Below are some records. Print exactly the lines between the one holding "z = (\<Sum>j\<le>n." and the one holding "with jk fin_rows", inclusive, and nothing else.

| Stored data |
——

text \<open>
  A tableau of shape \<open>\<alpha>\<close> whose content \<open>\<gamma>\<close> has the same parts is forced to be the
  superstandard filling \<open>T(i,j) = i\<close>, whose content is \<open>\<alpha>\<close> itself. The first column
  increases strictly inside \<open>1..\<ell>\<close>, so \<open>T(i,1) = i\<close>, and the triple rule makes every
  column injective. Cells carrying a value \<open>v\<close> with \<open>\<gamma>\<^sub>v \<ge> c\<close> are exactly as many as
  cells in rows \<open>i\<close> with \<open>\<alpha>\<^sub>i \<ge> c\<close>, and column by column there are at most as many of
  the former; hence column \<open>c\<close> consists of such values only, so it is filled by
  \<open>{v. \<gamma>\<^sub>v \<ge> c}\<close>. Induction over columns and rows, using the triple rule once more,
  then yields \<open>T(i,j) = i\<close>.
\<close>

lemma strict_mono_on_self_map_eq:
  fixes f :: "nat \<Rightarrow> nat"
  assumes mono: "strict_mono_on {1..n} f" and maps: "f ` {1..n} \<subseteq> {1..n}" and i: "i \<in> {1..n}"
  shows "f i = i"
proof -
  have inj: "inj_on f A" if "A \<subseteq> {1..n}" for A
    using strict_mono_on_imp_inj_on[OF mono] that by (rule inj_on_subset)
  have "card {1..i} \<le> card {1..f i}"
    using i maps strict_mono_on_leD[OF mono]
    by (intro card_inj_on_le[OF inj]) (auto simp: image_subset_iff)
  moreover have "card {i..n} \<le> card {f i..n}"
    using i maps strict_mono_on_leD[OF mono]
    by (intro card_inj_on_le[OF inj]) (auto simp: image_subset_iff)
  moreover have "f i \<in> {1..n}" using i maps by blast
  ultimately show ?thesis using i by (simp only: card_atLeastAtMost atLeastAtMost_iff) linarith
qed
(* Let $d=3$, $\omega=e^{2\pi i/3}$. Consider phases $\phi_{j,y}\in\mathbb{R}$ ($j,y\in\{0,1,2\}$), considered modulo $2\pi$, with $\phi_{0,y}+\phi_{1,y}+\phi_{2,y}\equiv0 \pmod{2\pi}$ for each $y$, and regard two such families as equivalent if they differ by adding a common multiple of $2\pi/3$ to all of $\phi_{0,1},\phi_{1,1},\phi_{2,1}$ and/or a common multiple of $2\pi/3$ to all of $\phi_{0,2},\phi_{1,2},\phi_{2,2}$ (equivalently, replacing $\overline{B}_1$ by $\omega^a\overline{B}_1$ and $\overline{B}_2$ by $\omega^b\overline{B}_2$). Then the system $\sum_{l=0}^{2}\exp\!\big(i\sum_{m=1}^{n}(\phi_{l\oplus m,y'}-\phi_{l\oplus m,y})\big)=3\delta_{yy'}$ for all $y,y'\in\{0,1,2\}$ and $n\in\{1,2\}$ holds if and only if, up to this equivalence and with $\phi_{0,0},\phi_{1,0}$ arbitrary and $\phi_{2,y}\equiv-\phi_{0,y}-\phi_{1,y}$, one of the following holds: (a) $\phi_{0,1}=\phi_{0,0}-2\pi/3$, $\phi_{1,1}=\phi_{1,0}$, $\phi_{0,2}=\phi_{0,0}-2\pi/3$, $\phi_{1,2}=\phi_{1,0}+2\pi/3$; (b) $\phi_{0,1}=\phi_{0,0}-2\pi/3$, $\phi_{1,1}=\phi_{1,0}+2\pi/3$, $\phi_{0,2}=\phi_{0,0}-2\pi/3$, $\phi_{1,2}=\phi_{1,0}$. In case (a) the corresponding observables are $\overline{B}_0=e^{i\phi_{0,0}}|0\rangle\langle2|+e^{i\phi_{1,0}}|1\rangle\langle0|+e^{-i(\phi_{0,0}+\phi_{1,0})}|2\rangle\langle1|$, $\overline{B}_1=\omega^2e^{i\phi_{0,0}}|0\rangle\langle2|+e^{i\phi_{1,0}}|1\rangle\langle0|+\omega e^{-i(\phi_{0,0}+\phi_{1,0})}|2\rangle\langle1|$, $\overline{B}_2=\omega^2e^{i\phi_{0,0}}|0\rangle\langle2|+\omega e^{i\phi_{1,0}}|1\rangle\langle0|+e^{-i(\phi_{0,0}+\phi_{1,0})}|2\rangle\langle1|$.
   Context: $\oplus$ denotes addition modulo 3. For $d=3$ the reference observables are $\overline{B}_y=\sum_{l=0}^{2}e^{i\phi_{l\oplus1,y}}|l+1\rangle\langle l|$ on $\mathbb{C}^3$ (labels mod 3). The displayed system is the orthogonality condition $\sum_{k}(\gamma^{(n)}_{y'k})^*\gamma^{(n)}_{yk}=\delta_{yy'}$ written in terms of the phases. *)

theory Defs
  imports Complex_Main
begin
text \<open>The \<open>(s, t)\<close> entries of \<open>T\<^sub>1(l) T\<^sub>2(m)\<close> and \<open>T\<^sub>2(m) T\<^sub>1(l)\<close> on the first \<open>k\<close> sites,
  as matrices on the two auxiliary spaces.\<close>

definition T1_T2 :: "nat \<Rightarrow> complex \<Rightarrow> (nat \<Rightarrow> complex) \<Rightarrow> nat \<Rightarrow> complex \<Rightarrow> complex \<Rightarrow> cfg \<Rightarrow> cfg \<Rightarrow> (nat \<times> nat) op" where
  "T1_T2 N \<eta> \<xi> k l m s t = (\<lambda>(c, d) (e, f). mmul (cfgs N) (Tentry N \<eta> \<xi> k c e l) (Tentry N \<eta> \<xi> k d f m) s t)"

definition T2_T1 :: "nat \<Rightarrow> complex \<Rightarrow> (nat \<Rightarrow> complex) \<Rightarrow> nat \<Rightarrow> complex \<Rightarrow> complex \<Rightarrow> cfg \<Rightarrow> cfg \<Rightarrow> (nat \<times> nat) op" where
  "T2_T1 N \<eta> \<xi> k l m s t = (\<lambda>(a, b) (c, d). mmul (cfgs N) (Tentry N \<eta> \<xi> k b d m) (Tentry N \<eta> \<xi> k a c l) s t)"

lemma T1_T2_Suc:
  assumes "k < N" "s \<in> cfgs N" "t \<in> cfgs N"
  shows "T1_T2 N \<eta> \<xi> (Suc k) l m s t i j =
    mmul aux_pairs (R13_R23 \<eta> (l - \<xi> (Suc k)) (m - \<xi> (Suc k)) (s (Suc k)) (t (Suc k)))
      (T1_T2 N \<eta> \<xi> k l m (s(Suc k := t (Suc k))) t) i j"
  by (cases i; cases j)
     (simp add: T1_T2_def R13_R23_def mmul_Tentry_Suc[OF assms] mmul_def[of aux_pairs] sum_aux_pairs)
lemma heval_eq_sum_atMost:
  assumes "hdeg_le n c"
  shows "heval c z = (\<Sum>j\<le>n. \<Sum>k\<le>n. c j k * z ^ j * cnj z ^ k)"
proof -
  have "heval c z = (\<Sum>(j, k)\<in>{..n}\<times>{..n}. c j k * z ^ j * cnj z ^ k)"
    unfolding heval_def
    by (rule sum.mono_neutral_left) (use assms in \<open>auto simp: hdeg_le_def\<close>)
  then show ?thesis
    by (simp add: sum.cartesian_product)
qed

lemma hdeg_le_hreflect: "hdeg_le n (hreflect n c)"
  by (simp add: hdeg_le_def hreflect_def)

lemma hdeg_le_zdeg:
  assumes "hsym c"
  shows "hdeg_le (zdeg c) c"
proof (cases "\<forall>j k. c j k = 0")
  case True
  then show ?thesis by (simp add: hdeg_le_def)
next
  case False
  have sym: "\<And>j k. c j k = cnj (c k j)" and fin: "finite {(j, k). c j k \<noteq> 0}"
    using assms unfolding hsym_def by blast+
  have "{j. \<exists>k. c j k \<noteq> 0} = fst ` {(j, k). c j k \<noteq> 0}" by force
  with fin have fin_rows: "finite {j. \<exists>k. c j k \<noteq> 0}" by simp
  show ?thesis
    unfolding hdeg_le_def
  proof (intro allI impI)
    fix j k
    assume jk: "c j k \<noteq> 0"
    then have "c k j \<noteq> 0"
      using sym[of k j] by auto
    with jk fin_rows show "j \<le> zdeg c \<and> k \<le> zdeg c"
      using False unfolding zdeg_def by (auto intro: Max_ge)
  qed
qed

lemma hsym_hreflect:
  assumes "hsym c"
  shows "hsym (hreflect n c)"
proof -
  have "{(j, k). hreflect n c j k \<noteq> 0} \<subseteq> {..n} \<times> {..n}"
    by (auto simp: hreflect_def split: if_splits)
  then have "finite {(j, k). hreflect n c j k \<noteq> 0}"
    by (rule finite_subset) auto
  moreover have "hreflect n c j k = cnj (hreflect n c k j)" for j k
  proof -
    have "c (n - j) (n - k) = cnj (c (n - k) (n - j))"
      using assms unfolding hsym_def by blast
    then show ?thesis
      by (simp add: hreflect_def)
  qed
  ultimately show ?thesis
    unfolding hsym_def by blast
qed

lemma of_real_cmod_power_double: "complex_of_real (cmod z ^ (2 * n)) = z ^ n * cnj z ^ n"
proof -
  have "complex_of_real (cmod z ^ (2 * n)) = complex_of_real ((cmod z)\<^sup>2) ^ n"
    by (simp add: power_mult)
  also have "\<dots> = z ^ n * cnj z ^ n"
    by (simp only: complex_norm_square power_mult_distrib)
  finally show ?thesis .
qed

lemma reflected_hreflect:
  assumes "hdeg_le n c"
  shows "reflected n (hreflect n c) c"
  unfolding reflected_def
proof (intro allI impI)
  fix z :: complex
  assume z: "z \<noteq> 0"
  have "heval (hreflect n c) z = (\<Sum>a\<le>n. \<Sum>b\<le>n. c (n - a) (n - b) * z ^ a * cnj z ^ b)"
    by (subst heval_eq_sum_atMost[OF hdeg_le_hreflect]) (simp add: hreflect_def)
  also have "\<dots> = (\<Sum>j\<le>n. \<Sum>k\<le>n. c j k * z ^ (n - j) * cnj z ^ (n - k))"
    by (rule sum.reindex_bij_witness[where i="\<lambda>i. n - i" and j="\<lambda>i. n - i"], auto,
        rule sum.reindex_bij_witness[where i="\<lambda>i. n - i" and j="\<lambda>i. n - i"]) auto
  also have "\<dots> = (\<Sum>j\<le>n. \<Sum>k\<le>n. (z ^ n * cnj z ^ n) * (c j k * (1/z) ^ j * cnj (1/z) ^ k))"
    using z by (intro sum.cong refl) (simp add: power_diff power_divide field_simps)
  also have "\<dots> = of_real (cmod z ^ (2 * n)) * heval c (1 / z)"
    by (simp only: of_real_cmod_power_double heval_eq_sum_atMost[OF assms] sum_distrib_left)
  finally show "heval (hreflect n c) z = of_real (cmod z ^ (2 * n)) * heval c (1 / z)" .
qed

——

| OUTPUT FOR THIS EXERCISE |
  shows "heval c z = (\<Sum>j\<le>n. \<Sum>k\<le>n. c j k * z ^ j * cnj z ^ k)"
proof -
  have "heval c z = (\<Sum>(j, k)\<in>{..n}\<times>{..n}. c j k * z ^ j * cnj z ^ k)"
    unfolding heval_def
    by (rule sum.mono_neutral_left) (use assms in \<open>auto simp: hdeg_le_def\<close>)
  then show ?thesis
    by (simp add: sum.cartesian_product)
qed

lemma hdeg_le_hreflect: "hdeg_le n (hreflect n c)"
  by (simp add: hdeg_le_def hreflect_def)

lemma hdeg_le_zdeg:
  assumes "hsym c"
  shows "hdeg_le (zdeg c) c"
proof (cases "\<forall>j k. c j k = 0")
  case True
  then show ?thesis by (simp add: hdeg_le_def)
next
  case False
  have sym: "\<And>j k. c j k = cnj (c k j)" and fin: "finite {(j, k). c j k \<noteq> 0}"
    using assms unfolding hsym_def by blast+
  have "{j. \<exists>k. c j k \<noteq> 0} = fst ` {(j, k). c j k \<noteq> 0}" by force
  with fin have fin_rows: "finite {j. \<exists>k. c j k \<noteq> 0}" by simp
  show ?thesis
    unfolding hdeg_le_def
  proof (intro allI impI)
    fix j k
    assume jk: "c j k \<noteq> 0"
    then have "c k j \<noteq> 0"
      using sym[of k j] by auto
    with jk fin_rows show "j \<le> zdeg c \<and> k \<le> zdeg c"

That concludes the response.